• Supplied records
(* Let $\alpha\in\mathbb{N}_0+\frac12$, $\mathbf m=(m_1,\dots,m_n)\in\mathbb{N}_0^n$, and $(t_{m_1},\dots,t_{m_n})\in\mathbb{R}^n$. Then the operator $T^{(\alpha)}_{\mathbf m}:=T^{(\alpha)}_{\tau^{(\alpha)}_{\mathbf m}}$ is an exceptional Gegenbauer operator, and $$T^{(\alpha)}_{\mathbf m}C^{(\alpha)}_{\mathbf m;i}=\lambda_iC^{(\alpha)}_{\mathbf m;i},\qquad\lambda_i=-i(2\alpha+i),\quad i\in\mathbb{N}_0.$$
   Context: For a nonzero polynomial $\tau$ and $\alpha\in\mathbb{R}$, $T^{(\alpha)}_\tau=(1-z^2)\left(D_z^2-2\frac{\tau_z}{\tau}D_z+\frac{\tau_{zz}}{\tau}\right)-(2\alpha+1)zD_z+(2\alpha-1)z\frac{\tau_z}{\tau}$; it is an exceptional Gegenbauer operator if it has polynomial eigenfunctions $\{\pi_i\}_{i\in\mathbb{N}_0}$ of pairwise distinct degrees with only finitely many nonnegative integers missing from $\{\deg\pi_i\}$. $C^{(\alpha)}_i(z)=\sum_{k=0}^{\lfloor i/2\rfloor}(-1)^k\frac{\Gamma(i-k+\alpha)}{\Gamma(\alpha)k!(i-2k)!}(2z)^{i-2k}$ are the classical Gegenbauer polynomials; $W^{(\alpha)}(z)=(1-z^2)^{\alpha-1/2}$. For $i,j\in\mathbb{N}_0$, $\rho^{(\alpha)}_{ij}(z)=\int_{-1}^zC^{(\alpha)}_i(u)C^{(\alpha)}_j(u)W^{(\alpha)}(u)\,du$. For $\mathbf m=(m_1,\dots,m_n)\in\mathbb{N}_0^n$ with real parameters $(t_{m_1},\dots,t_{m_n})$, $\mathcal R^{(\alpha)}_{\mathbf m}$ is the $n\times n$ matrix with entries $[\mathcal R^{(\alpha)}_{\mathbf m}]_{k\ell}=\delta_{k\ell}+t_{m_\ell}\rho^{(\alpha)}_{m_km_\ell}(z)$; $\tau^{(\alpha)}_{\mathbf m}=\det\mathcal R^{(\alpha)}_{\mathbf m}$; $\mathbf Q^{(\alpha)}_{\mathbf m}=\tau^{(\alpha)}_{\mathbf m}(\mathcal R^{(\alpha)}_{\mathbf m})^{-1}(C^{(\alpha)}_{m_1},\dots,C^{(\alpha)}_{m_n})^T$. For $i\in\mathbb{N}_0$, the exceptional Gegenbauer polynomial of the second kind $C^{(\alpha)}_{\mathbf m;i}$ is the $(n+1)$-st entry of $\mathbf Q^{(\alpha)}_{(m_1,\dots,m_n,i)}$ computed with parameters $(t_{m_1},\dots,t_{m_n},s)$, $s\in\mathbb{R}$ arbitrary (the entry does not depend on $s$). *)

theory Defs
  imports "HOL-Analysis.Gamma_Function" "HOL-Computational_Algebra.Polynomial"
    "Jordan_Normal_Form.Determinant"
begin

text \<open>The operator T^(alpha)_tau applied to a polynomial p, evaluated at a point z
  (meaningful where tau(z) is nonzero).\<close>
definition gop :: "real \<Rightarrow> real poly \<Rightarrow> real poly \<Rightarrow> real \<Rightarrow> real" where
  "gop \<alpha> \<tau> p z =
     (1 - z^2) * (poly (pderiv (pderiv p)) z
                   - 2 * (poly (pderiv \<tau>) z / poly \<tau> z) * poly (pderiv p) z
                   + (poly (pderiv (pderiv \<tau>)) z / poly \<tau> z) * poly p z)
     - (2*\<alpha> + 1) * z * poly (pderiv p) z
     + (2*\<alpha> - 1) * z * (poly (pderiv \<tau>) z / poly \<tau> z) * poly p z"

definition is_eigenfunction :: "real \<Rightarrow> real poly \<Rightarrow> real poly \<Rightarrow> real \<Rightarrow> bool" where
  "is_eigenfunction \<alpha> \<tau> p lam \<longleftrightarrow> (\<forall>z. poly \<tau> z \<noteq> 0 \<longrightarrow> gop \<alpha> \<tau> p z = lam * poly p z)"

definition exceptional_gegenbauer_operator :: "real \<Rightarrow> real poly \<Rightarrow> bool" where
  "exceptional_gegenbauer_operator \<alpha> \<tau> \<longleftrightarrow> \<tau> \<noteq> 0 \<and>
     (\<exists>\<pi> :: nat \<Rightarrow> real poly. (\<forall>i. \<pi> i \<noteq> 0 \<and> (\<exists>lam. is_eigenfunction \<alpha> \<tau> (\<pi> i) lam))
        \<and> inj (\<lambda>i. degree (\<pi> i))
        \<and> finite (UNIV - range (\<lambda>i. degree (\<pi> i))))"

definition gegenbauer :: "real \<Rightarrow> nat \<Rightarrow> real poly" where
  "gegenbauer \<alpha> i = (\<Sum>k\<le>i div 2.
      monom ((-1)^k * Gamma (real (i - k) + \<alpha>) / (Gamma \<alpha> * fact k * fact (i - 2*k))
             * 2 ^ (i - 2*k)) (i - 2*k))"

definition poly_antideriv :: "real poly \<Rightarrow> real poly" where
  "poly_antideriv p = (\<Sum>j\<le>degree p. monom (coeff p j / real (Suc j)) (Suc j))"

text \<open>For alpha = k + 1/2 the weight (1-z^2)^(alpha-1/2) is the polynomial (1-z^2)^k,
  and rho_ij(z) = integral from -1 to z of C_i C_j W, a polynomial.\<close>
definition weight :: "nat \<Rightarrow> real poly" where
  "weight k = [:1, 0, -1:] ^ k"

definition rho :: "nat \<Rightarrow> nat \<Rightarrow> nat \<Rightarrow> real poly" where
  "rho k i j = (let \<alpha> = real k + 1/2;
                    P = poly_antideriv (gegenbauer \<alpha> i * gegenbauer \<alpha> j * weight k)
                in P - [:poly P (-1):])"

text \<open>The matrix R_m, with ms = (m_1..m_n) and ps = parameters (t_{m_1}..t_{m_n}), 0-indexed.\<close>
definition Rmat :: "nat \<Rightarrow> nat list \<Rightarrow> real list \<Rightarrow> real poly mat" where
  "Rmat k ms ps = mat (length ms) (length ms)
     (\<lambda>(a, b). (if a = b then 1 else 0) + smult (ps ! b) (rho k (ms ! a) (ms ! b)))"

definition tau :: "nat \<Rightarrow> nat list \<Rightarrow> real list \<Rightarrow> real poly" where
  "tau k ms ps = det (Rmat k ms ps)"

text \<open>Q_m = tau R^{-1} (C_{m_1},...,C_{m_n})^T = adj(R) (C_{m_1},...)^T.\<close>
definition Qvec :: "nat \<Rightarrow> nat list \<Rightarrow> real list \<Rightarrow> real poly vec" where
  "Qvec k ms ps = adj_mat (Rmat k ms ps) *\<^sub>v
     vec (length ms) (\<lambda>a. gegenbauer (real k + 1/2) (ms ! a))"

text \<open>Exceptional Gegenbauer polynomial of the second kind C_{m;i}, computed with the
  extra parameter s for the appended index i.\<close>
definition xgegenbauer :: "nat \<Rightarrow> nat list \<Rightarrow> real list \<Rightarrow> real \<Rightarrow> nat \<Rightarrow> real poly" where
  "xgegenbauer k ms ps s i = Qvec k (ms @ [i]) (ps @ [s]) $ length ms"

end

theory Submission
  imports Defs
begin

text \<open>The entries of \<open>R\<^sub>m\<close> are integrals \<open>\<rho>\<^sub>i\<^sub>j\<close> of products of Gegenbauer polynomials against
  the weight, so \<open>R' = W \<Phi> \<Phi>\<^sup>T diag t\<close>, and the Sturm--Liouville form of the Gegenbauer equation turns
  \<open>(\<lambda>\<^sub>a - \<lambda>\<^sub>b) \<rho>\<^sub>a\<^sub>b\<close> into a Wronskian. Together with \<open>R adj R = adj R R = \<tau>\<close> and Jacobi's formula
  \<open>\<tau>' = tr (adj R R')\<close> a direct computation shows that every entry \<open>Q\<^sub>e\<close> of \<open>adj R \<Phi>\<close> satisfies
  \<open>\<tau> T\<^sub>\<tau> Q\<^sub>e = \<lambda>\<^sub>e \<tau> Q\<^sub>e\<close>; the polynomial \<open>C\<^sub>m\<^sub>;\<^sub>i\<close> is the last such entry for the index list
  extended by \<open>i\<close>. At \<open>z = -1\<close> the matrix \<open>R\<close> is the identity, so \<open>\<tau>(-1) = 1\<close> and
  \<open>C\<^sub>m\<^sub>;\<^sub>i(-1) = C\<^sub>i(-1) \<noteq> 0\<close>. Comparing leading coefficients in the eigenvalue equation gives
  \<open>deg C\<^sub>m\<^sub>;\<^sub>i = i + deg \<tau>\<close> as soon as \<open>i > deg \<tau>\<close>, so only finitely many degrees are missing.\<close>

section \<open>Gegenbauer polynomials\<close>

abbreviation gegenbauer_eigenvalue :: "real \<Rightarrow> nat \<Rightarrow> real" where
  "gegenbauer_eigenvalue \<alpha> i \<equiv> - real i * (2*\<alpha> + real i)"

definition gegenbauer_op :: "real \<Rightarrow> real poly \<Rightarrow> real poly" where
  "gegenbauer_op \<beta> y = [:1, 0, -1:] * pderiv (pderiv y) - smult (2*\<beta> + 1) ([:0, 1:] * pderiv y)"

lemma coeff_x_mult: "coeff ([:0, 1:] * (p :: real poly)) n = (if n = 0 then 0 else coeff p (n - 1))"
  by (cases n) (auto simp: coeff_pCons)

lemma coeff_x_mult_pderiv: "coeff ([:0, 1:] * pderiv (p :: real poly)) n = real n * coeff p n"
  by (cases n) (auto simp: coeff_x_mult coeff_pderiv)

lemma coeff_x2_mult_pderiv2:
  "coeff ([:0, 1:] * ([:0, 1:] * pderiv (pderiv p))) n = real n * (real n - 1) * coeff (p :: real poly) n"
proof (cases n)
  case (Suc m)
  then show ?thesis
    by (cases m) (auto simp: coeff_x_mult coeff_pderiv algebra_simps)
qed (simp add: coeff_x_mult)

lemma coeff_gegenbauer_op:
  "coeff (gegenbauer_op \<beta> y) m = real (Suc m) * real (Suc (Suc m)) * coeff y (Suc (Suc m))
     - (real m * (real m - 1) + (2*\<beta> + 1) * real m) * coeff y m"
proof -
  have "gegenbauer_op \<beta> y = pderiv (pderiv y) - [:0, 1:] * ([:0, 1:] * pderiv (pderiv y))
      - smult (2*\<beta> + 1) ([:0, 1:] * pderiv y)"
    unfolding gegenbauer_op_def by (simp add: algebra_simps)
  then show ?thesis
    by (simp only: coeff_diff coeff_smult coeff_x2_mult_pderiv2 coeff_x_mult_pderiv coeff_pderiv)
       (simp add: algebra_simps)
qed

lemma pderiv_gegenbauer_op:
  "pderiv (gegenbauer_op \<beta> y) = gegenbauer_op (\<beta> + 1) (pderiv y) - smult (2*\<beta> + 1) (pderiv y)"
  unfolding gegenbauer_op_def
  by (simp add: pderiv_mult pderiv_diff pderiv_add pderiv_minus pderiv_smult pderiv_pCons algebra_simps)
     (simp add: numeral_mult_conv_smult flip: smult_add_left)

text \<open>If \<open>y(-1) = 0\<close>, evaluating the equation at \<open>-1\<close> forces
  \<open>y'(-1) = 0\<close>, and \<open>y'\<close> solves the equation with parameter \<open>\<beta> + 1\<close>; descend on the degree.\<close>
lemma gegenbauer_eigenpoly_nonzero_at_minus_one:
  assumes "y \<noteq> 0" and "\<beta> \<ge> 0" and "gegenbauer_op \<beta> y = smult \<mu> y"
  shows "poly y (-1) \<noteq> 0"
  using assms
proof (induction "degree y" arbitrary: y \<beta> \<mu> rule: less_induct)
  case less
  show ?case
  proof
    assume root: "poly y (-1) = 0"
    have "degree y \<noteq> 0"
    proof
      assume "degree y = 0"
      then obtain c where "y = [:c:]" by (rule degree_eq_zeroE)
      then show False using root less.prems(1) by simp
    qed
    then have "pderiv y \<noteq> 0" and "degree (pderiv y) < degree y"
      by (simp_all add: pderiv_eq_0_iff degree_pderiv)
    moreover have "gegenbauer_op (\<beta> + 1) (pderiv y) = smult (\<mu> + 2*\<beta> + 1) (pderiv y)"
      using arg_cong[OF less.prems(3), of pderiv]
      by (simp add: pderiv_gegenbauer_op pderiv_smult algebra_simps flip: smult_add_left)
    ultimately have "poly (pderiv y) (-1) \<noteq> 0"
      using less.hyps less.prems(2) by (metis add_nonneg_nonneg zero_le_one)
    moreover have "(2*\<beta> + 1) * poly (pderiv y) (-1) = 0"
      using arg_cong[OF less.prems(3), of "\<lambda>q. poly q (-1)"] root
      by (simp add: gegenbauer_op_def)
    ultimately show False
      using less.prems(2) by simp
  qed
qed

definition gegenbauer_coeff :: "real \<Rightarrow> nat \<Rightarrow> nat \<Rightarrow> real" where
  "gegenbauer_coeff \<alpha> i j = (-1)^j * Gamma (real (i - j) + \<alpha>)
     / (Gamma \<alpha> * fact j * fact (i - 2*j)) * 2 ^ (i - 2*j)"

• The task
In the entries above, find the line holding "extended by \<open>i\<close>." and the line holding "by (cases n) (auto simp: coeff_pCons)"; print both of them and every line between, exactly, and nothing else.

• Written answer
  extended by \<open>i\<close>. At \<open>z = -1\<close> the matrix \<open>R\<close> is the identity, so \<open>\<tau>(-1) = 1\<close> and
  \<open>C\<^sub>m\<^sub>;\<^sub>i(-1) = C\<^sub>i(-1) \<noteq> 0\<close>. Comparing leading coefficients in the eigenvalue equation gives
  \<open>deg C\<^sub>m\<^sub>;\<^sub>i = i + deg \<tau>\<close> as soon as \<open>i > deg \<tau>\<close>, so only finitely many degrees are missing.\<close>

section \<open>Gegenbauer polynomials\<close>

abbreviation gegenbauer_eigenvalue :: "real \<Rightarrow> nat \<Rightarrow> real" where
  "gegenbauer_eigenvalue \<alpha> i \<equiv> - real i * (2*\<alpha> + real i)"

definition gegenbauer_op :: "real \<Rightarrow> real poly \<Rightarrow> real poly" where
  "gegenbauer_op \<beta> y = [:1, 0, -1:] * pderiv (pderiv y) - smult (2*\<beta> + 1) ([:0, 1:] * pderiv y)"

lemma coeff_x_mult: "coeff ([:0, 1:] * (p :: real poly)) n = (if n = 0 then 0 else coeff p (n - 1))"
  by (cases n) (auto simp: coeff_pCons)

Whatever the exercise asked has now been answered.